== YOUR OBJECTIVE ==
With the string "auto" as the filter, copy each matching line from the records.

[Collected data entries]
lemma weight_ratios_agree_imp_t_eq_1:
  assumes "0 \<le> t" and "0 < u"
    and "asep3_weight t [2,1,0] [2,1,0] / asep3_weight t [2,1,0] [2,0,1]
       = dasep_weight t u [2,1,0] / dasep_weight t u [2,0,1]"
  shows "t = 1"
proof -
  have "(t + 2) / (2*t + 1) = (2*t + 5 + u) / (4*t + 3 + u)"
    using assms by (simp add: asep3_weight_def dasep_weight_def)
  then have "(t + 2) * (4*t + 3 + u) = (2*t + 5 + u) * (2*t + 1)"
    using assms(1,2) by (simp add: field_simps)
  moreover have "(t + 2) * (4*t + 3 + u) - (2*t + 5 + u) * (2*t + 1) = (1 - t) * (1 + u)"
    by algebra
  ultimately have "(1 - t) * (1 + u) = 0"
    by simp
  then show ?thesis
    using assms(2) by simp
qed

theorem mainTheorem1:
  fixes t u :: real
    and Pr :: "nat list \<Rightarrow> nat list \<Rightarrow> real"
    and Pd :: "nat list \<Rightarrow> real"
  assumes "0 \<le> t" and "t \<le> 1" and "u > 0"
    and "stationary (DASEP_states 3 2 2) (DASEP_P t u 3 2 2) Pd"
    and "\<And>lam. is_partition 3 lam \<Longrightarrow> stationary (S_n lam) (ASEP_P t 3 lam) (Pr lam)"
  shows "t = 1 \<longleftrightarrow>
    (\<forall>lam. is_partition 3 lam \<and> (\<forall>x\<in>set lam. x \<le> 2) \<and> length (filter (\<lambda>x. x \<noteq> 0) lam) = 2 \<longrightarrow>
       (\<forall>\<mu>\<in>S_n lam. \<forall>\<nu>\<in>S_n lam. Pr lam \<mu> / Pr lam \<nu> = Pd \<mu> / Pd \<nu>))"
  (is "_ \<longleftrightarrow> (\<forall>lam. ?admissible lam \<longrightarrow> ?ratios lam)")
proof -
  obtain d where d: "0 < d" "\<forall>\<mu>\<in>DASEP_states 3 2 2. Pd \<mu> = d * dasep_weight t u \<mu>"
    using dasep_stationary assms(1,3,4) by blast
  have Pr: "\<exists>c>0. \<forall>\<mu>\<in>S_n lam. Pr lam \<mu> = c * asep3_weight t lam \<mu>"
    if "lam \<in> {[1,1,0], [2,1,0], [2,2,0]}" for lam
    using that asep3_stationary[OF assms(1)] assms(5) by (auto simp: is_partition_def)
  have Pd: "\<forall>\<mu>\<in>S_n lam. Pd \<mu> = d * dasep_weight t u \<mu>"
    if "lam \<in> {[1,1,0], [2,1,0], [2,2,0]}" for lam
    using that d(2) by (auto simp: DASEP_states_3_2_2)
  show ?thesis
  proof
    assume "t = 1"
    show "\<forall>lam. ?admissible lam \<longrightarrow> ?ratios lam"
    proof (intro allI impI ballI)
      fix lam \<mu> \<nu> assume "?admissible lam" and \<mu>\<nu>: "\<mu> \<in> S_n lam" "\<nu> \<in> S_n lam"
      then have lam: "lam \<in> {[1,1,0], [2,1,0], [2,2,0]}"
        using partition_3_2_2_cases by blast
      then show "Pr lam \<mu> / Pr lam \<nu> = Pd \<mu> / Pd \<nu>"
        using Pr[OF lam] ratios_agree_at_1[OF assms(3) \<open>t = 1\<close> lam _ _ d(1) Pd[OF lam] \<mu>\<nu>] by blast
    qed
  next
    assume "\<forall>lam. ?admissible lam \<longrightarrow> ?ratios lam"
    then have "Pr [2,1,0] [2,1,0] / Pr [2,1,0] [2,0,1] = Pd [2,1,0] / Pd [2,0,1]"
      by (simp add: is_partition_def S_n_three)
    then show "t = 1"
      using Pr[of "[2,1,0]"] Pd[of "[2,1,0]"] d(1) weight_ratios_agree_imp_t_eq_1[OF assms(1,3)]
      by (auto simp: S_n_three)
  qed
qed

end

==

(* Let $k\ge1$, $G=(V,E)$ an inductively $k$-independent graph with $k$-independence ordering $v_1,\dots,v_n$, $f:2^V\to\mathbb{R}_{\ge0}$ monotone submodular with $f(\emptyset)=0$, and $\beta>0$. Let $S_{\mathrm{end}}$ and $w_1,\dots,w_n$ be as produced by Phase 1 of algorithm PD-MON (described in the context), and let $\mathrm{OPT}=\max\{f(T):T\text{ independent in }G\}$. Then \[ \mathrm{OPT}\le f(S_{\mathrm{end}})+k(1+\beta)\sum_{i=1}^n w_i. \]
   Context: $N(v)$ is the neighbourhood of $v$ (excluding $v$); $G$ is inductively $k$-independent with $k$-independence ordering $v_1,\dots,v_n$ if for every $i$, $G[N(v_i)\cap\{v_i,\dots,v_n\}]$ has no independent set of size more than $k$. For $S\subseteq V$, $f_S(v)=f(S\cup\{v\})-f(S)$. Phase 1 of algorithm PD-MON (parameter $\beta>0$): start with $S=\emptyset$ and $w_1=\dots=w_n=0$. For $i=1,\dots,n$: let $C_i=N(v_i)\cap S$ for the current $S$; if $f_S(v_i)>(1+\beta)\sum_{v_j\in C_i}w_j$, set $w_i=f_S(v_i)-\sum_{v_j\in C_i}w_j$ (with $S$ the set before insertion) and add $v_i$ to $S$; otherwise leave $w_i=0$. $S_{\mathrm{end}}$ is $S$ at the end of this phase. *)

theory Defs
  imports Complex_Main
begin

== SOLUTION TO THIS PROBLEM ==
    using that asep3_stationary[OF assms(1)] assms(5) by (auto simp: is_partition_def)
    using that d(2) by (auto simp: DASEP_states_3_2_2)
      by (auto simp: S_n_three)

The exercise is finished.